The idea is quite intuitive. First of all, forget about the training data and imagine you only have the black box model where you can input data points and get the models predicted outcome. You can probe the box as often as you want. Your goal is to understand why the machine learning model made a certain prediction. LIME tests out what happens to the model’s predictions when you feed variations of your data into the machine learning model. LIME generates a new dataset consisting of perturbed samples and the associated black box model’s predictions. On this dataset LIME then trains an interpretable model weighted by the proximity of the sampled instances to the instance of interest. The interpretable model can basically be anything from this chapter, for example LASSO or a decision tree. The learned model should be a good approximation of the machine learning model locally, but it does not have to be so globally. This kind of accuracy is also called local fidelity.

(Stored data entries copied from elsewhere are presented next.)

(* Let $A\in\mathbb{R}^{n\times n}$ be monotone (nonsingular with $A^{-1}\geq 0$) and let $(U_k,V_k,E_k)_{k=1}^{p}$ be a weak regular multisplitting of $A$. Let $H=\sum_{k=1}^{p}E_kU_k^{-1}V_k$. Let $\underline{U},\overline{U}\in\mathbb{R}^{n\times n}$ be nonsingular with $\overline{U}^{-1}\leq U_k^{-1}\leq\underline{U}^{-1}$ for each $k=1,\ldots,p$. (i) If $A=\overline{U}-\overline{V}$ is a regular splitting, then $\rho(H)\leq\rho(\overline{U}^{-1}\overline{V})$. (ii) If $A=\underline{U}-\underline{V}$ is a regular splitting, then $\rho(\underline{U}^{-1}\underline{V})\leq\rho(H)$.
   Context: Inequalities are entrywise; $\rho(\cdot)$ is the spectral radius. A splitting $A=U-V$ of $A\in\mathbb{R}^{n\times n}$ is weak regular if $U$ is nonsingular, $U^{-1}\geq 0$ and $U^{-1}V\geq 0$, and regular if $U$ is nonsingular, $U^{-1}\geq 0$ and $V\geq 0$. A weak regular multisplitting of $A$ is a triplet $(U_k,V_k,E_k)_{k=1}^{p}$ where each $A=U_k-V_k$ is a weak regular splitting and each $E_k\geq 0$ is an $n\times n$ diagonal matrix with $\sum_{k=1}^{p}E_k=I$. *)

theory Defs
  imports "Jordan_Normal_Form.Spectral_Radius"
begin

definition mat_inv :: "real mat \<Rightarrow> real mat" where
  "mat_inv A = (SOME B. inverts_mat A B \<and> inverts_mat B A)"

definition rho :: "real mat \<Rightarrow> real" where
  "rho M = spectral_radius (map_mat complex_of_real M)"

fun mat_sum :: "nat \<Rightarrow> (nat \<Rightarrow> real mat) \<Rightarrow> nat \<Rightarrow> real mat" where
  "mat_sum n f 0 = 0\<^sub>m n n"
| "mat_sum n f (Suc p) = f p + mat_sum n f p"

definition monotone_mat :: "nat \<Rightarrow> real mat \<Rightarrow> bool" where
  "monotone_mat n A \<longleftrightarrow> A \<in> carrier_mat n n \<and> invertible_mat A \<and> 0\<^sub>m n n \<le> mat_inv A"

definition weak_regular_splitting :: "nat \<Rightarrow> real mat \<Rightarrow> real mat \<Rightarrow> real mat \<Rightarrow> bool" where
  "weak_regular_splitting n A U V \<longleftrightarrow>
     A \<in> carrier_mat n n \<and> U \<in> carrier_mat n n \<and> V \<in> carrier_mat n n \<and> A = U - V \<and>
     invertible_mat U \<and> 0\<^sub>m n n \<le> mat_inv U \<and> 0\<^sub>m n n \<le> mat_inv U * V"

definition regular_splitting :: "nat \<Rightarrow> real mat \<Rightarrow> real mat \<Rightarrow> real mat \<Rightarrow> bool" where
  "regular_splitting n A U V \<longleftrightarrow>
     A \<in> carrier_mat n n \<and> U \<in> carrier_mat n n \<and> V \<in> carrier_mat n n \<and> A = U - V \<and>
     invertible_mat U \<and> 0\<^sub>m n n \<le> mat_inv U \<and> 0\<^sub>m n n \<le> V"

text \<open>Weak regular multisplitting (U_k, V_k, E_k), k = 0..p-1 (paper: k = 1..p).\<close>
definition weak_regular_multisplitting ::
  "nat \<Rightarrow> real mat \<Rightarrow> nat \<Rightarrow> (nat \<Rightarrow> real mat) \<Rightarrow> (nat \<Rightarrow> real mat) \<Rightarrow> (nat \<Rightarrow> real mat) \<Rightarrow> bool" where
  "weak_regular_multisplitting n A p U V E \<longleftrightarrow>
     (\<forall>k<p. weak_regular_splitting n A (U k) (V k) \<and>
            E k \<in> carrier_mat n n \<and> diagonal_mat (E k) \<and> 0\<^sub>m n n \<le> E k) \<and>
     mat_sum n E p = 1\<^sub>m n"

end

theory Submission
  imports Defs
begin

text \<open>The multisplitting iteration matrix is \<open>H = I - M A\<close> for the single nonnegative
  approximate inverse \<open>M = \<Sum> E\<^sub>k U\<^sub>k\<inverse>\<close>, and the hypotheses sandwich \<open>M\<close>
  between the inverses of the two regular splittings.  Both bounds are Perron--Frobenius comparisons:
  a nonnegative matrix \<open>L\<close> with \<open>L T \<le> S L\<close> carries a nonnegative vector \<open>u\<close> with
  \<open>\<rho>(T) u \<le> T u\<close> to one for \<open>S\<close>, and the Collatz--Wielandt bound then gives
  \<open>\<rho>(T) \<le> \<rho>(S)\<close>.  For the lower bound take \<open>T = U\<inverse>V\<close>, \<open>S = H\<close>, \<open>L = A\<inverse>V\<close>;
  the upper bound needs a left Perron vector of \<open>H\<close>, so there one transposes and takes
  \<open>T = H\<^sup>T\<close>, \<open>S = (U\<inverse>V)\<^sup>T\<close>, \<open>L = (A\<inverse>V)\<^sup>T\<close>.\<close>

section \<open>Entrywise order on real matrices\<close>

lemma mult_mat_vec_zero: "A \<in> carrier_mat n m \<Longrightarrow> A *\<^sub>v 0\<^sub>v m = (0\<^sub>v n :: 'a :: semiring_0 vec)"
  by (intro eq_vecI) (auto simp: scalar_prod_def)

lemma nonneg_mat_mult_vec_mono:
  fixes A :: "real mat"
  assumes A: "A \<in> carrier_mat n m" and A0: "0\<^sub>m n m \<le> A"
    and w: "w \<in> carrier_vec m" and uw: "u \<le> w"
  shows "A *\<^sub>v u \<le> A *\<^sub>v w"
proof -
  have u: "u \<in> carrier_vec m" using uw w unfolding less_eq_vec_def carrier_vec_def by auto
  have "(A *\<^sub>v u) $ i \<le> (A *\<^sub>v w) $ i" if i: "i < n" for i
  proof -
    have "(A *\<^sub>v u) $ i = (\<Sum>j<m. A $$ (i,j) * u $ j)"
      using A u i by (simp add: scalar_prod_def lessThan_atLeast0)
    also have "\<dots> \<le> (\<Sum>j<m. A $$ (i,j) * w $ j)"
    proof (rule sum_mono)
      fix j assume j: "j \<in> {..<m}"
      have "0 \<le> A $$ (i,j)" using A0 A i j unfolding less_eq_mat_def by auto
      moreover have "u $ j \<le> w $ j" using uw w j unfolding less_eq_vec_def by auto
      ultimately show "A $$ (i,j) * u $ j \<le> A $$ (i,j) * w $ j" by (rule mult_left_mono[rotated])
    qed
    also have "\<dots> = (A *\<^sub>v w) $ i"
      using A w i by (simp add: scalar_prod_def lessThan_atLeast0)
    finally show ?thesis .
  qed
  thus ?thesis using A unfolding less_eq_vec_def by auto
qed

lemma nonneg_mat_mult_vec_nonneg:
  fixes A :: "real mat"
  assumes A: "A \<in> carrier_mat n m" and A0: "0\<^sub>m n m \<le> A"
    and u: "u \<in> carrier_vec m" and u0: "0\<^sub>v m \<le> u"
  shows "0\<^sub>v n \<le> A *\<^sub>v u"
  using nonneg_mat_mult_vec_mono[OF A A0 u u0] mult_mat_vec_zero[OF A] by simp

lemma mat_le_mult_vec_mono:
  fixes B C :: "real mat"
  assumes B: "B \<in> carrier_mat n m" and C: "C \<in> carrier_mat n m" and BC: "B \<le> C"
    and w: "w \<in> carrier_vec m" and w0: "0\<^sub>v m \<le> w"
  shows "B *\<^sub>v w \<le> C *\<^sub>v w"
proof -
  have CB: "C - B \<in> carrier_mat n m" using B C by (simp add: minus_carrier_mat)
  have "0\<^sub>m n m \<le> C - B" using B C BC unfolding less_eq_mat_def by auto
  from nonneg_mat_mult_vec_nonneg[OF CB this w w0]
  have "0\<^sub>v n \<le> C *\<^sub>v w - B *\<^sub>v w" using B C w by (simp add: minus_mult_distrib_mat_vec)
  thus ?thesis using B C w unfolding less_eq_vec_def by auto
qed

lemma nonneg_vec_pos_entry:
  fixes u :: "real vec"
  assumes "u \<in> carrier_vec n" "0\<^sub>v n \<le> u" "u \<noteq> 0\<^sub>v n"
  obtains i where "i < n" "u $ i > 0"
proof -
  from assms obtain i where i: "i < n" and ui: "u $ i \<noteq> 0" by (auto simp: vec_eq_iff)
  have "u $ i \<ge> 0" using assms i unfolding less_eq_vec_def by auto
  with i ui that show ?thesis by force
qed

lemma smult_le_nonzero:
  fixes x y :: "real vec"
  assumes x: "x \<in> carrier_vec n" "0\<^sub>v n \<le> x" "x \<noteq> 0\<^sub>v n" and c: "c > 0" and le: "c \<cdot>\<^sub>v x \<le> y"
  shows "y \<noteq> 0\<^sub>v n"
proof
  assume "y = 0\<^sub>v n"
  moreover obtain i where i: "i < n" and xi: "x $ i > 0" using nonneg_vec_pos_entry[OF x] .
  ultimately have "c * x $ i \<le> 0" using le x unfolding less_eq_vec_def by auto
  with c xi show False by (simp add: mult_le_0_iff)
qed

Mathematically, local surrogate models with interpretability constraint can be expressed as follows:

\[\text{explanation}(x)=\arg\min_{g\in{}G}L(f,g,\pi_x)+\Omega(g)\] The explanation model for instance x is the model g (e.g. linear regression model) that minimizes loss L (e.g. mean squared error), which measures how close the explanation is to the prediction of the original model f (e.g. an xgboost model), while the model complexity \(\Omega(g)\) is kept low (e.g. favor fewer features). G is the family of possible explanation, for example all possible linear regression models. The proximity measure \(\pi_x\) defines how large the neighbourhood is around instance x that we consider for the explanation. In practice, LIME only optimizes the loss part. The user has to determine the complexity, e.g. by selecting the maximum number of features that the linear regression model may use.

The recipe for fitting local surrogate models:

  • Choose your instance of interest for which you want to have an explanation of its black box prediction.
  • Perturb your dataset and get the black box predictions for these new points.
  • Weight the new samples by their proximity to the instance of interest.
  • Fit a weighted, interpretable model on the dataset with the variations.
  • Explain prediction by interpreting the local model.

In the current implementations (R and Python) for example linear regression can be chosen as interpretable surrogate model. Upfront you have to choose \(K\), the number of features that you want to have in your interpretable model. The lower the \(K\), the easier the model is to interpret, higher \(K\) potentially creates models with higher fidelity. There are different methods for how to fit models with exactly \(K\) features. A solid choice is Lasso. A Lasso model with a high regularisation parameter \(\lambda\) yields a model with only the intercept. By refitting the Lasso models with slowly decreasing \(\lambda\), one after each other, the features are getting weight estimates different from zero. When \(K\) features are in the model, you reached the desired number of features. Other strategies are forward or backward selection of features. This means you either start with the full model (=containing all features) or with a model with only the intercept and then testing which feature would create the biggest improvement when added or removed, until a model with \(K\) features is reached. Other interpretable models like decision trees are also possible.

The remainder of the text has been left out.